Crude oil for March delivery rose 19 cents, or 0.5 percent, to $40.97 a barrel in electronic trading on the New York Mercantile Exchange at 7:58 a.m. Singapore time. Yesterday, futures rose 70 cents, or 1.8 percent, to settle at $40.78. Prices are down 8.6 percent this year and 54 percent from a year ago.
The Organization of Petroleum Exporting Countries, responsible for more than 40 percent of global oil supply, agreed on Dec. 17 in Oran, Algeria, to lower production as oil prices headed for their first annual decline since 2001.
OPEC members with output quotas, all except Iraq, pumped 26.2 million barrels a day, 1.36 million more than their target of 24.85 million barrels a day, according to data compiled by Bloomberg.
Saudi Arabia, OPEC’s biggest producer and the world’s top oil exporter, cut output by 375,000 barrels a day last month to an average 8.025 million barrels a day, the lowest since December 2002. Production was 26,000 barrels a day lower than its target of 8.051 million barrels a day, the Bloomberg survey showed.
The U.A.E. and Qatar plan to reduce their crude oil shipments to Asia in March in line with OPEC cuts, said refiners who received notices from suppliers.
State-owned Qatar Petroleum will slash supplies of its Marine grade sold under long-term contracts by 15 percent, following a 6 percent cut in February, said the refinery officials in Singapore, China, Japan and South Korea, who asked not to be named, citing confidentiality agreements.

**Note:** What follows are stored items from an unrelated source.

(* Let $R$ be a ring, let $(X_*,d)$ be a chain complex of left $R$-modules with decompositions $X_n=\bigoplus_{i\in I_n}X_{n,i}$, let $Q$ be its weighted quiver, and let $\mathcal M$ be a partial matching of $Q$. Suppose that for each vertex $(n,i)$ of $Q^{\mathcal M}$, every zigzag path in $Q^{\mathcal M}$ starting at $(n,i)$ has finite length; that is, there is no infinite zigzag path. Then $\mathcal M$ is a Morse matching.
   Context: Write $d_{n,ji}:X_{n,i}\to X_{n-1,j}$ ($i\in I_n$, $j\in I_{n-1}$) for the components of $d_n$. The weighted quiver $Q$ has vertices the pairs $(n,i)$ with $n\in\mathbb Z$, $i\in I_n$. For each pair with $d_{n,ji}\neq0$ it has one arrow $(n,i)\to(n-1,j)$, of weight $d_{n,ji}$. A partial matching is a set $\mathcal M$ of arrows of $Q$ such that - every vertex is incident to at most one arrow of $\mathcal M$, and - the weight of each arrow of $\mathcal M$ is an isomorphism of modules. The quiver $Q^{\mathcal M}$ is obtained from $Q$ as follows: - each arrow not in $\mathcal M$ is kept, with its weight, and called thick; - each arrow $(n,i)\to(n-1,j)$ in $\mathcal M$ is replaced by a dotted arrow $(n-1,j)\to(n,i)$ of weight $-d_{n,ji}^{-1}$. A zigzag path is a path in $Q^{\mathcal M}$ whose arrows alternate between dotted and thick. For a finite path $p$, $\varphi^{\mathcal M}_p$ denotes the composition of the weights of its arrows, in the order of the path. Let $\mathcal V_n=\{(n,i):i\in I_n\}$ and let $\mathcal D_n\subseteq\mathcal V_n$ be the set of targets of arrows of $\mathcal M$ in $Q$. For $(n,i)\in\mathcal D_n$ and $(n,j)\in\mathcal V_n$, let $\mathrm{Path}_1^{\mathcal M}((n,i),(n,j))$ be the set of zigzag paths from $(n,i)$ to $(n,j)$ beginning with a dotted arrow. A Morse matching is a partial matching satisfying the following local finiteness hypothesis. For every $(n,i)\in\mathcal D_n$ and every $x\in X_{n,i}$: - for every $(n,j)\in\mathcal V_n$ the sum $\sum_{p\in\mathrm{Path}_1^{\mathcal M}((n,i),(n,j))}\varphi^{\mathcal M}_p(x)$ exists (for instance, it is a finite sum); - only finitely many $(n,j)\in\mathcal V_n$ have this sum nonzero. *)

theory Defs
  imports Main
begin

text \<open>All modules X_{n,i} live as subsets of one ambient abelian group 'm,
  with a (left) scalar action smul of the ring 'r.\<close>

definition left_module_on :: "('r::ring_1 \<Rightarrow> 'm::ab_group_add \<Rightarrow> 'm) \<Rightarrow> 'm set \<Rightarrow> bool" where
  "left_module_on smul M \<longleftrightarrow>
     0 \<in> M \<and> (\<forall>x\<in>M. \<forall>y\<in>M. x + y \<in> M) \<and> (\<forall>x\<in>M. - x \<in> M) \<and>
     (\<forall>r. \<forall>x\<in>M. smul r x \<in> M) \<and>
     (\<forall>r. \<forall>x\<in>M. \<forall>y\<in>M. smul r (x + y) = smul r x + smul r y) \<and>
     (\<forall>r s. \<forall>x\<in>M. smul (r + s) x = smul r x + smul s x) \<and>
     (\<forall>r s. \<forall>x\<in>M. smul (r * s) x = smul r (smul s x)) \<and>
     (\<forall>x\<in>M. smul 1 x = x)"

definition linear_on :: "('r::ring_1 \<Rightarrow> 'm::ab_group_add \<Rightarrow> 'm) \<Rightarrow> 'm set \<Rightarrow> 'm set \<Rightarrow> ('m \<Rightarrow> 'm) \<Rightarrow> bool" where
  "linear_on smul A B f \<longleftrightarrow>
     f ` A \<subseteq> B \<and> (\<forall>x\<in>A. \<forall>y\<in>A. f (x + y) = f x + f y) \<and>
     (\<forall>r. \<forall>x\<in>A. f (smul r x) = smul r (f x))"

definition module_iso_on :: "('r::ring_1 \<Rightarrow> 'm::ab_group_add \<Rightarrow> 'm) \<Rightarrow> 'm set \<Rightarrow> 'm set \<Rightarrow> ('m \<Rightarrow> 'm) \<Rightarrow> bool" where
  "module_iso_on smul A B f \<longleftrightarrow> linear_on smul A B f \<and> bij_betw f A B"

text \<open>Index sets I n (the I_n), components X n i (the X_{n,i}, for i in I n) and
  components d n j i : X n i \<rightarrow> X (n-1) j of the differential d_n.
  The differential d_n : \<Oplus>_i X_{n,i} \<rightarrow> \<Oplus>_j X_{n-1,j} is well defined iff every
  generator component has finitely many nonzero images; d\<circ>d = 0 is stated on components.\<close>

definition decomposed_chain_complex ::
  "('r::ring_1 \<Rightarrow> 'm::ab_group_add \<Rightarrow> 'm) \<Rightarrow> (int \<Rightarrow> 'i set) \<Rightarrow> (int \<Rightarrow> 'i \<Rightarrow> 'm set)
    \<Rightarrow> (int \<Rightarrow> 'i \<Rightarrow> 'i \<Rightarrow> 'm \<Rightarrow> 'm) \<Rightarrow> bool" where
  "decomposed_chain_complex smul I X d \<longleftrightarrow>
     (\<forall>n. \<forall>i\<in>I n. left_module_on smul (X n i)) \<and>
     (\<forall>n. \<forall>i\<in>I n. \<forall>j\<in>I (n - 1). linear_on smul (X n i) (X (n - 1) j) (d n j i)) \<and>
     (\<forall>n. \<forall>i\<in>I n. \<forall>x\<in>X n i. finite {j \<in> I (n - 1). d n j i x \<noteq> 0}) \<and>
     (\<forall>n. \<forall>i\<in>I n. \<forall>x\<in>X n i. \<forall>k\<in>I (n - 2).
        (\<Sum>j\<in>{j \<in> I (n - 1). d n j i x \<noteq> 0}. d (n - 1) k j (d n j i x)) = 0)"

text \<open>An arrow of Q is encoded by the triple (n, i, j): the arrow (n,i) \<rightarrow> (n-1,j) of weight d n j i.
  It exists iff i \<in> I n, j \<in> I (n-1) and d n j i is not the zero map on X n i.\<close>

definition Q_arrow :: "(int \<Rightarrow> 'i set) \<Rightarrow> (int \<Rightarrow> 'i \<Rightarrow> 'm::zero set)
    \<Rightarrow> (int \<Rightarrow> 'i \<Rightarrow> 'i \<Rightarrow> 'm \<Rightarrow> 'm) \<Rightarrow> int \<times> 'i \<times> 'i \<Rightarrow> bool" where
  "Q_arrow I X d a \<longleftrightarrow> (case a of (n, i, j) \<Rightarrow>
      i \<in> I n \<and> j \<in> I (n - 1) \<and> (\<exists>x\<in>X n i. d n j i x \<noteq> 0))"
definition "dphi u = sqrt (c\<^sup>2 + 2 * cos \<theta> * B u - D\<^sup>2 * (B u)\<^sup>2)"
definition "k u = (l1\<^sup>2 - l2\<^sup>2) * cos (\<phi> u) * sin (\<phi> u)"
definition "a u = complex_of_real (D * B u) + \<i> * complex_of_real (dphi u)"
definition "E u = exp (complex_of_real (f u) + \<i> * complex_of_real (\<phi> u))"
definition "G z = E (Re z) * complex_of_real (exp (c * Im z))"

lemma c_pos: "0 < c"
  using in_Omega by (simp add: Omega_def)

lemma B_pos: "0 < B u" and B_le: "B u \<le> l1\<^sup>2"
proof -
  have "l2\<^sup>2 \<le> l1\<^sup>2"
    using l2_pos l2_le_l1 by (intro power_mono) auto
  then have "l2\<^sup>2 * ((cos (\<phi> u))\<^sup>2 + (sin (\<phi> u))\<^sup>2) \<le> B u"
    and "B u \<le> l1\<^sup>2 * ((cos (\<phi> u))\<^sup>2 + (sin (\<phi> u))\<^sup>2)"
    unfolding Bfun_def distrib_left by (auto intro: mult_right_mono)
  then have "l2\<^sup>2 \<le> B u" and "B u \<le> l1\<^sup>2"
    by simp_all
  moreover have "0 < l2\<^sup>2"
    using l2_pos by simp
  ultimately show "0 < B u" and "B u \<le> l1\<^sup>2"
    by linarith+
qed

lemma radicand_B_pos: "0 < c\<^sup>2 + 2 * cos \<theta> * B u - D\<^sup>2 * (B u)\<^sup>2"
  using radicand_pos[OF _ in_Omega B_pos B_le] l2_pos l2_le_l1 by simp

lemma dphi_pos: "0 < dphi u"
  using radicand_B_pos by (simp add: dphi_def)

lemma dphi_sq: "(dphi u)\<^sup>2 = c\<^sup>2 + 2 * cos \<theta> * B u - D\<^sup>2 * (B u)\<^sup>2"
  using radicand_B_pos[of u] by (simp add: dphi_def)

lemma B_deriv: "(B has_real_derivative - 2 * k u * dphi u) (at u)"
proof -
  have "((\<lambda>u. l1\<^sup>2 * (cos (\<phi> u))\<^sup>2 + l2\<^sup>2 * (sin (\<phi> u))\<^sup>2) has_real_derivative - 2 * k u * dphi u) (at u)"
    using phi_deriv[of u] unfolding k_def dphi_def
    by (auto intro!: derivative_eq_intros simp: algebra_simps power2_eq_square)
  then show ?thesis
    by (simp add: Bfun_def[abs_def])
qed

lemma dphi_deriv: "(dphi has_real_derivative 2 * k u * (D\<^sup>2 * B u - cos \<theta>)) (at u)"
proof -
  have "((\<lambda>u. c\<^sup>2 + 2 * cos \<theta> * B u - D\<^sup>2 * (B u)\<^sup>2) has_real_derivative
      (2 * cos \<theta> - 2 * D\<^sup>2 * B u) * (- 2 * k u * dphi u)) (at u)"
    by (auto intro!: derivative_eq_intros B_deriv simp: algebra_simps)
  from DERIV_chain2[OF DERIV_real_sqrt[OF radicand_B_pos] this]
  have "(dphi has_real_derivative inverse (dphi u) / 2 * ((2 * cos \<theta> - 2 * D\<^sup>2 * B u) * (- 2 * k u * dphi u))) (at u)"
    by (simp add: dphi_def[abs_def])
  moreover have "inverse (dphi u) / 2 * ((2 * cos \<theta> - 2 * D\<^sup>2 * B u) * (- 2 * k u * dphi u))
      = 2 * k u * (D\<^sup>2 * B u - cos \<theta>)"
    using dphi_pos[of u] by (simp add: field_simps)
  ultimately show ?thesis
    by simp
qed

lemma a_sq_plus_c_sq:
  "(a u)\<^sup>2 + (complex_of_real c)\<^sup>2
     = 2 * of_real (B u) * (of_real (D\<^sup>2 * B u - cos \<theta>) + \<i> * of_real (D * dphi u))"
proof -
  have "(a u)\<^sup>2 + (complex_of_real c)\<^sup>2
      = of_real ((D * B u)\<^sup>2 - (dphi u)\<^sup>2 + c\<^sup>2) + \<i> * of_real (2 * D * B u * dphi u)"
    by (simp add: a_def power2_eq_square algebra_simps)
  also have "\<dots> = 2 * of_real (B u) * (of_real (D\<^sup>2 * B u - cos \<theta>) + \<i> * of_real (D * dphi u))"
    unfolding dphi_sq by (simp add: power2_eq_square algebra_simps)
  finally show ?thesis .
qed

lemma a_deriv:
  "(a has_vector_derivative \<i> * of_real (k u / B u) * ((a u)\<^sup>2 + (complex_of_real c)\<^sup>2)) (at u)"
proof -
  have "(a has_vector_derivative
      of_real (D * (- 2 * k u * dphi u)) + \<i> * of_real (2 * k u * (D\<^sup>2 * B u - cos \<theta>))) (at u)"
    unfolding a_def[abs_def]
    by (intro has_vector_derivative_add has_vector_derivative_mult_right
        has_vector_derivative_of_real DERIV_cmult B_deriv dphi_deriv)
  moreover have "of_real (D * (- 2 * k u * dphi u)) + \<i> * of_real (2 * k u * (D\<^sup>2 * B u - cos \<theta>))
      = \<i> * of_real (k u / B u) * ((a u)\<^sup>2 + (complex_of_real c)\<^sup>2)"
    unfolding a_sq_plus_c_sq using B_pos[of u]
    by (simp add: field_simps power2_eq_square)
  ultimately show ?thesis
    by simp
qed

lemma E_deriv: "(E has_vector_derivative E u * a u) (at u)"
proof -
  have "((\<lambda>u. complex_of_real (f u) + \<i> * complex_of_real (\<phi> u)) has_vector_derivative a u) (at u)"
    unfolding a_def dphi_def
    by (intro has_vector_derivative_add has_vector_derivative_mult_right
        has_vector_derivative_of_real f_deriv phi_deriv)
  from field_vector_diff_chain_at[OF this DERIV_exp] show ?thesis
    by (simp add: E_def[abs_def] o_def mult.commute)
qed

lemma G_polar: "G z = of_real (exp (f (Re z) + c * Im z)) * cis (\<phi> (Re z))"
  by (simp add: G_def E_def exp_add cis_conv_exp exp_of_real[symmetric] algebra_simps)

lemma G_quadratic_forms:
  fixes z :: complex
  defines "r \<equiv> exp (f (Re z) + c * Im z)"
  shows "l1\<^sup>2 * (Re (G z))\<^sup>2 + l2\<^sup>2 * (Im (G z))\<^sup>2 = r\<^sup>2 * B (Re z)"
    and "(l1\<^sup>2 - l2\<^sup>2) * Re (G z) * Im (G z) = r\<^sup>2 * k (Re z)"
  by (simp_all add: G_polar r_def Bfun_def k_def power2_eq_square algebra_simps)
(* For $f>1$ let $h^*=h^*(f)>1$ and $h_*=h_*(f)\in(0,1)$ be the two solutions $h$ of $h-\log h=f$, and define $$j^*(f)=\frac1{h^*-1}-\frac1{(2(f-1))^{1/2}},\qquad j_*(f)=\frac1{1-h_*}-\frac1{(2(f-1))^{1/2}}.$$ Then: (a) as $f\to1$, $j^*\to-\frac13$ and $j_*\to\frac13$; (b) $\frac{dj^*}{df}>0$ and $\frac{dj_*}{df}>0$ for $f>1$, and $\frac{dj^*}{df}=O((f-1)^{-1/2})$, $\frac{dj_*}{df}=O((f-1)^{-1/2})$ as $f\to1$; (c) $\frac{d^2j^*}{df^2}<0$ and $\frac{d^2j_*}{df^2}<0$ for $f>1$; (d) the function $j^*+j_*=\frac1{h^*-1}+\frac1{1-h_*}-\big(\frac2{f-1}\big)^{1/2}$ satisfies $\frac{d(j^*+j_* )}{df}>0$ and $\frac{d^2(j^*+j_* )}{df^2}<0$ for $f>1$, and $j^*+j_*\to0$, $\frac{d(j^*+j_* )}{df}=O((f-1)^{-1/2})$ as $f\to1$; (e) $0<j^*+j_*<1$ for $f>1$. *)

theory Defs
  imports "HOL-Analysis.Analysis" "HOL-Library.Landau_Symbols"
begin

definition h_up :: "real \<Rightarrow> real" where
  "h_up f = (THE h. h > 1 \<and> h - ln h = f)"

definition h_lo :: "real \<Rightarrow> real" where
  "h_lo f = (THE h. 0 < h \<and> h < 1 \<and> h - ln h = f)"

definition j_up :: "real \<Rightarrow> real" where
  "j_up f = 1 / (h_up f - 1) - 1 / sqrt (2 * (f - 1))"

definition j_lo :: "real \<Rightarrow> real" where
  "j_lo f = 1 / (1 - h_lo f) - 1 / sqrt (2 * (f - 1))"

end

theory Submission
  imports Defs "HOL-Real_Asymp.Real_Asymp"
begin

text \<open>Parametrise both branches by h, so that f = h - ln h and s = sqrt (2 (f - 1)) =
  sqrt (2 (h - ln h - 1)). Then j_up and j_lo are both 1/|h - 1| - 1/s, and since
  dh/df = h/(h - 1) their f-derivatives are 1/s^3 - h/|h - 1|^3 and
  -3/s^5 + h(2h + 1)/|h - 1|^5. Parts (b) and (c) thus reduce to
  h s^3 < |h - 1|^3 and h(2h + 1) s^5 < 3 |h - 1|^5 for all h > 0, h \<noteq> 1.
  Both follow from s < |h - 1| \<rho>(h) with \<rho>(h)^5 = 3/(h(2h + 1)), the first together with
  \<rho>(h)^3 \<le> 1/h. That bound says that ln h - (h - 1) + (h - 1)^2 \<rho>(h)^2/2 is positive; it
  vanishes at h = 1 and its derivative has the sign of h - 1, by a polynomial inequality.
  The limits and O-bounds are expansions in h at h = 1, and (e) follows from the
  monotonicity of j_up + j_lo and its limits 0 as f \<rightarrow> 1 and 1 as f \<rightarrow> \<infinity>.\<close>

lemma x_minus_ln_less_mono:
  fixes a b :: real
  assumes "1 \<le> a" "a < b"
  shows "a - ln a < b - ln b"
proof (rule DERIV_pos_imp_increasing_open[OF assms(2)])
  fix x assume "a < x" "x < b"
  then have "1 < x" using assms by simp
  then show "\<exists>y. ((\<lambda>x. x - ln x) has_real_derivative y) (at x) \<and> 0 < y"
    by (intro exI[of _ "1 - 1/x"]) (auto intro!: derivative_eq_intros)
next
  show "continuous_on {a..b} (\<lambda>x. x - ln x)" using assms by (intro continuous_intros) auto
qed

lemma x_minus_ln_less_antimono:
  fixes a b :: real
  assumes "0 < a" "a < b" "b \<le> 1"
  shows "b - ln b < a - ln a"
proof (rule DERIV_neg_imp_decreasing_open[OF assms(2)])
  fix x assume "a < x" "x < b"
  then have "0 < x" "x < 1" using assms by simp_all
  then show "\<exists>y. ((\<lambda>x. x - ln x) has_real_derivative y) (at x) \<and> y < 0"
    by (intro exI[of _ "1 - 1/x"]) (auto intro!: derivative_eq_intros simp: field_simps)
next
  show "continuous_on {a..b} (\<lambda>x. x - ln x)" using assms by (intro continuous_intros) auto
qed

lemma x_minus_ln_gt_1:
  fixes h :: real
  assumes "0 < h" "h \<noteq> 1"
  shows "1 < h - ln h"
  using x_minus_ln_less_mono[of 1 h] x_minus_ln_less_antimono[of h 1] assms
  by (cases "h < 1") auto

lemma x_minus_ln_surj_gt_1:
  fixes f :: real
  assumes "1 < f"
  obtains h where "1 < h" "h - ln h = f"
proof -
  have "f \<le> 2*f - ln (2*f)"
    using assms ln_le_minus_one[of f] ln_2_less_1 by (simp add: ln_mult)
  moreover have "\<forall>x. 1 \<le> x \<and> x \<le> 2*f \<longrightarrow> isCont (\<lambda>x. x - ln x) x"
    by (auto intro!: continuous_intros)
  ultimately obtain h where "1 \<le> h" "h - ln h = f"
    using IVT[of "\<lambda>x. x - ln x" 1 f "2*f"] assms by auto
  moreover have "h \<noteq> 1" using assms \<open>h - ln h = f\<close> by auto
  ultimately show thesis using that[of h] by simp
qed

lemma x_minus_ln_surj_lt_1:
  fixes f :: real
  assumes "1 < f"
  obtains h where "0 < h" "h < 1" "h - ln h = f"
proof -
  have "exp (-f) \<le> 1" using assms by simp
  moreover have "\<forall>x. exp (-f) \<le> x \<and> x \<le> 1 \<longrightarrow> isCont (\<lambda>x. x - ln x) x"
    using exp_gt_zero[of "-f"] by (auto intro!: continuous_intros)
  ultimately obtain h where "exp (-f) \<le> h" "h \<le> 1" "h - ln h = f"
    using IVT2[of "\<lambda>x. x - ln x" 1 f "exp (-f)"] assms by auto
  moreover have "h \<noteq> 1" using assms \<open>h - ln h = f\<close> by auto
  moreover have "0 < h" using \<open>exp (-f) \<le> h\<close> exp_gt_zero order.strict_trans2 by blast
  ultimately show thesis using that[of h] by simp
qed

lemma inj_on_x_minus_ln_ge_1: "inj_on (\<lambda>x::real. x - ln x) {1..}"
  using x_minus_ln_less_mono by (intro linorder_inj_onI') fastforce

lemma inj_on_x_minus_ln_le_1: "inj_on (\<lambda>x::real. x - ln x) {0<..1}"
  using x_minus_ln_less_antimono by (intro linorder_inj_onI') fastforce

lemma h_up_props:
  assumes "1 < f"
  shows "1 < h_up f" "h_up f - ln (h_up f) = f"
proof -
  obtain h where h: "1 < h" "h - ln h = f" using x_minus_ln_surj_gt_1[OF assms] .
  have "\<exists>!h. 1 < h \<and> h - ln h = f"
  proof (rule ex1I[of _ h])
    show "y = h" if "1 < y \<and> y - ln y = f" for y
      using inj_onD[OF inj_on_x_minus_ln_ge_1, of y h] that h by simp
  qed (use h in simp)
  from theI'[OF this] show "1 < h_up f" "h_up f - ln (h_up f) = f"
    unfolding h_up_def by auto
qed

lemma h_lo_props:
  assumes "1 < f"
  shows "0 < h_lo f" "h_lo f < 1" "h_lo f - ln (h_lo f) = f"
proof -
  obtain h where h: "0 < h" "h < 1" "h - ln h = f" using x_minus_ln_surj_lt_1[OF assms] .
  have "\<exists>!h. 0 < h \<and> h < 1 \<and> h - ln h = f"
  proof (rule ex1I[of _ h])
    show "y = h" if "0 < y \<and> y < 1 \<and> y - ln y = f" for y
      using inj_onD[OF inj_on_x_minus_ln_le_1, of y h] that h by simp
  qed (use h in simp)
  from theI'[OF this] show "0 < h_lo f" "h_lo f < 1" "h_lo f - ln (h_lo f) = f"
    unfolding h_lo_def by auto
qed

lemma h_up_x_minus_ln:
  assumes "1 < h"
  shows "h_up (h - ln h) = h"
proof -
  have f: "1 < h - ln h" using x_minus_ln_gt_1 assms by simp
  show ?thesis
    using h_up_props[OF f] inj_onD[OF inj_on_x_minus_ln_ge_1, of "h_up (h - ln h)" h] assms by simp
qed

lemma h_lo_x_minus_ln:
  assumes "0 < h" "h < 1"
  shows "h_lo (h - ln h) = h"
proof -
  have f: "1 < h - ln h" using x_minus_ln_gt_1 assms by simp
  show ?thesis
    using h_lo_props[OF f] inj_onD[OF inj_on_x_minus_ln_le_1, of "h_lo (h - ln h)" h] assms by simp
qed

lemma local_inverse_x_minus_ln_has_derivative:
  fixes H :: "real \<Rightarrow> real"
  assumes "0 < d" and local_inv: "\<And>z. \<bar>z - H f\<bar> \<le> d \<Longrightarrow> 0 < z \<and> H (z - ln z) = z"
    and inv: "\<And>y. 1 < y \<Longrightarrow> H y - ln (H y) = y" and "1 < f"
  shows "(H has_real_derivative H f / (H f - 1)) (at f)"
proof -
  have "0 < H f" using local_inv[of "H f"] \<open>0 < d\<close> by simp
  moreover have "H f \<noteq> 1" using inv[OF \<open>1 < f\<close>] \<open>1 < f\<close> by auto
  moreover have "isCont H f"
  proof -
    have "isCont H (H f - ln (H f))"
      by (rule isCont_inverse_function[OF \<open>0 < d\<close>])
         (use local_inv in \<open>auto intro!: continuous_intros\<close>)
    then show ?thesis using inv[OF \<open>1 < f\<close>] by simp
  qed
  ultimately have "(H has_real_derivative inverse (1 - 1 / H f)) (at f)"
    using inv \<open>1 < f\<close>
    by (intro DERIV_inverse_function[where f = "\<lambda>x. x - ln x" and a = 1 and b = "f + 1"])
       (auto intro!: derivative_eq_intros)
  then show ?thesis
    using \<open>0 < H f\<close> \<open>H f \<noteq> 1\<close> by (simp add: field_simps)
qed

lemma h_up_has_derivative:
  assumes "1 < f"
  shows "(h_up has_real_derivative h_up f / (h_up f - 1)) (at f)"
proof (rule local_inverse_x_minus_ln_has_derivative[where d = "(h_up f - 1) / 2"])
  show "0 < (h_up f - 1) / 2" using h_up_props(1)[OF assms] by simp
  fix z assume "\<bar>z - h_up f\<bar> \<le> (h_up f - 1) / 2"
  then have "1 < z" using abs_le_D2 h_up_props(1)[OF assms] by fastforce
  then show "0 < z \<and> h_up (z - ln z) = z" using h_up_x_minus_ln by simp
qed (use h_up_props assms in auto)

lemma h_lo_has_derivative:
  assumes "1 < f"
  shows "(h_lo has_real_derivative h_lo f / (h_lo f - 1)) (at f)"
proof (rule local_inverse_x_minus_ln_has_derivative[where d = "min (h_lo f) (1 - h_lo f) / 2"])
  show "0 < min (h_lo f) (1 - h_lo f) / 2" using h_lo_props(1,2)[OF assms] by simp
  fix z assume "\<bar>z - h_lo f\<bar> \<le> min (h_lo f) (1 - h_lo f) / 2"
  then have "0 < z" "z < 1" using abs_le_D1 abs_le_D2 h_lo_props(1,2)[OF assms] by fastforce+
  then show "0 < z \<and> h_lo (z - ln z) = z" using h_lo_x_minus_ln by simp
qed (use h_lo_props assms in auto)

lemma h_up_at_right_1: "filterlim h_up (at_right 1) (at_right 1)"
proof -
  have "(h_up \<longlongrightarrow> 1) (at_right 1)"
  proof (rule order_tendstoI)
    fix a :: real assume "a < 1"
    show "eventually (\<lambda>f. a < h_up f) (at_right 1)"
      using eventually_at_right_less[of 1] by eventually_elim (use h_up_props \<open>a < 1\<close> in force)
  next
    fix a :: real assume "1 < a"
    then have "eventually (\<lambda>f. f \<in> {1<..<a - ln a}) (at_right 1)"
      using x_minus_ln_gt_1[of a] by (intro eventually_at_right_real) auto
    then show "eventually (\<lambda>f. h_up f < a) (at_right 1)"
    proof eventually_elim
      case (elim f)
      then show ?case
        using h_up_props[of f] x_minus_ln_less_mono[of a "h_up f"] \<open>1 < a\<close>
        by (cases "h_up f" a rule: linorder_cases) auto
    qed
  qed
  moreover have "eventually (\<lambda>f. 1 < h_up f) (at_right 1)"
    using eventually_at_right_less[of 1] by eventually_elim (use h_up_props in auto)
  ultimately show ?thesis by (rule tendsto_imp_filterlim_at_right)
qed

Abu Dhabi National Oil Co., the Emirates’ state-owned producer, will cut supplies of Murban oil by 10 percent after a 15 percent reduction in February, said the officials. Shipments of Upper Zakum grade will be reduced by 15 percent, Umm Shaif by 10 percent and Lower Zakum by 10 percent, similar to cuts in volume last month.
The price of oil for delivery next January is 31 percent more than for the current month, increasing the opportunity for traders to profit from storing crude for later use. This structure, in which a future month’s price is higher than the one before it, is known as contango.
Volume in electronic trading on the exchange was 392,505 contracts as of 3:02 p.m. in New York yesterday. Volume totaled 498,610 contracts Feb. 2, up 1.8 percent from the average over the past three months. Open interest yesterday was 1.26 million contracts. The exchange has a one-business-day delay in reporting open interest and full volume data.
Falling prices and lower fuel demand have hurt energy company earnings. BP Plc, Europe’s second-biggest oil company, posted its first quarterly loss in seven years. The fourth- quarter loss was $3.3 billion, or 18 cents a share, compared with net income of $4.4 billion, or 23 cents, a year earlier, London-based BP said yesterday in a statement.
Brent crude oil for March settlement increased 26 cents, or 0.6 percent, to end the session at $44.08 a barrel on London’s ICE Futures Europe exchange yesterday.